A Simple, Solid, and Reproducible Baseline for Bridge Bidding AI
Haruka Kita, Sotetsu Koyamada, Yotaro Yamaguchi, Shin Ishii
TL;DR
This work tackles the bidding phase of contract bridge by proposing a simple, reproducible baseline that combines supervised pretraining on SAYC-derived data with PPO-based reinforcement learning and fictitious self-play. The approach uses a 480-dim binary input and a 4-layer 1024-unit MLP to predict 38 bidding actions and estimate value, with end-of-game rewards tied to a DDS-derived score via $z = \text{score} / 7600$. Ablation studies show that supervised pretraining is essential for surpassing the WBridge5 benchmark, while fictitious self-play helps stabilize training.
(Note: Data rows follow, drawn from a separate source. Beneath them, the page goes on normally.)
lemma P_set_chart:
  assumes "p \<in> P_set"
  shows "\<exists>U V \<phi>. p \<in> U \<and> diffeo_betw U V \<phi> \<and>
    (\<exists>B\<subseteq>Basis. card B = 3 \<and> \<phi> ` (U \<inter> P_set) = V \<inter> {y. \<forall>i\<in>Basis - B. y \<bullet> i = 0})"
proof -
  have chart: ?thesis
    if "p$i \<noteq> 0" and "c \<in> Basis"
      and "smooth_on {x. x$i \<noteq> 0} \<phi>" "smooth_on {x. x$i \<noteq> 0} \<psi>"
      and "\<phi> ` {x. x$i \<noteq> 0} \<subseteq> {x. x$i \<noteq> 0}" "\<psi> ` {x. x$i \<noteq> 0} \<subseteq> {x. x$i \<noteq> 0}"
      and "\<And>x. x$i \<noteq> 0 \<Longrightarrow> \<psi> (\<phi> x) = x" "\<And>y. y$i \<noteq> 0 \<Longrightarrow> \<phi> (\<psi> y) = y"
      and "\<And>x. x$i \<noteq> 0 \<Longrightarrow> \<phi> x \<bullet> c = bc_det x"
    for i \<phi> \<psi> and c :: "real^4"
  proof -
    have "x \<in> P_set \<longleftrightarrow> \<phi> x \<bullet> c = 0" if "x$i \<noteq> 0" for x
      using that \<open>\<And>x. x$i \<noteq> 0 \<Longrightarrow> \<phi> x \<bullet> c = bc_det x\<close> by (auto simp: P_set_eq)
    then show ?thesis
      using hypersurface_chart[of p "{x. x$i \<noteq> 0}" \<phi> "{x. x$i \<noteq> 0}" \<psi> c P_set] that
      by simp
  qed
  have smooth: "smooth_on {x. x$i \<noteq> 0} f" if "\<And>k. Ck_on k {x. x$i \<noteq> 0} f"
    for i :: 4 and f :: "real^4 \<Rightarrow> real^4"
    using that open_vec_nth_neq_0 by (simp add: smooth_on_def)
  consider "p$1 \<noteq> 0" | "p$2 \<noteq> 0" | "p$3 \<noteq> 0" | "p$4 \<noteq> 0"
    using assms by (auto simp: P_set_eq vec4_eq_iff)
  then show ?thesis
  proof cases
    case 1
    show ?thesis
      by (rule chart[OF 1, of "axis 4 1" "\<lambda>x. vector [x$1, x$2, x$3, bc_det x]"
            "\<lambda>y. vector [y$1, y$2, y$3, (y$4 + y$2*y$3) / y$1]"])
        (auto simp: vec4_eq_iff bc_det_def inner_axis field_simps
          intro!: smooth Ck_on_polynomial_intros Ck_on_bc_det Ck_on_divide)
  next
    case 2
    show ?thesis
      by (rule chart[OF 2, of "axis 3 1" "\<lambda>x. vector [x$1, x$2, bc_det x, x$4]"
            "\<lambda>y. vector [y$1, y$2, (y$1*y$4 - y$3) / y$2, y$4]"])
        (auto simp: vec4_eq_iff bc_det_def inner_axis field_simps
          intro!: smooth Ck_on_polynomial_intros Ck_on_bc_det Ck_on_divide)
  next
    case 3
    show ?thesis
      by (rule chart[OF 3, of "axis 2 1" "\<lambda>x. vector [x$1, bc_det x, x$3, x$4]"
            "\<lambda>y. vector [y$1, (y$1*y$4 - y$2) / y$3, y$3, y$4]"])
        (auto simp: vec4_eq_iff bc_det_def inner_axis field_simps
          intro!: smooth Ck_on_polynomial_intros Ck_on_bc_det Ck_on_divide)
  next
    case 4
    show ?thesis
      by (rule chart[OF 4, of "axis 1 1" "\<lambda>x. vector [bc_det x, x$2, x$3, x$4]"
            "\<lambda>y. vector [(y$1 + y$2*y$3) / y$4, y$2, y$3, y$4]"])
        (auto simp: vec4_eq_iff bc_det_def inner_axis field_simps
          intro!: smooth Ck_on_polynomial_intros Ck_on_bc_det Ck_on_divide)
  qed
qed

lemma embedded_submanifold_P_set: "embedded_submanifold 3 P_set"
  unfolding embedded_submanifold_def using P_set_chart by blast

theorem theorem2:
  shows "embedded_lie_group bc_mult bc_one P_set"
  unfolding embedded_lie_group_def
proof (intro conjI exI)
  show "group \<lparr>carrier = P_set, mult = bc_mult, one = bc_one\<rparr>"
    by (rule group_P_group)
  show "embedded_submanifold 3 P_set"
    by (rule embedded_submanifold_P_set)
  show "P_set \<times> P_set \<subseteq> UNIV" "smooth_on UNIV (\<lambda>p. bc_mult (fst p) (snd p))"
    by (simp_all add: smooth_on_bc_mult)
  show "P_set \<subseteq> {x. bc_norm x \<noteq> 0}"
    using bc_norm_pos by force
  show "smooth_on {x. bc_norm x \<noteq> 0} bc_inv"
    by (rule smooth_on_bc_inv)
  show "\<forall>x\<in>P_set. bc_inv x = inv\<^bsub>\<lparr>carrier = P_set, mult = bc_mult, one = bc_one\<rparr>\<^esub> x"
    by (simp add: inv_P_group)
qed simp

end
The method achieves a new performance level against WBridge5 (+1.24 IMPs/board) and is released as open-source to foster reproducibility, evaluation, and further advances in bridge AI.
Abstract
Contract bridge, a cooperative game characterized by imperfect information and multi-agent dynamics, poses significant challenges and serves as a critical benchmark in artificial intelligence (AI) research. Success in this domain requires agents to effectively cooperate with their partners. This study demonstrates that an appropriate combination of existing methods can perform surprisingly well in bridge bidding against WBridge5, a leading benchmark in the bridge bidding system and a multiple-time World Computer-Bridge Championship winner. Our approach is notably simple, yet it outperforms the current state-of-the-art methodologies in this field. Furthermore, we have made our code and models publicly available as open-source software. This initiative provides a strong starting foundation for future bridge AI research, facilitating the development and verification of new strategies and advancements in the field.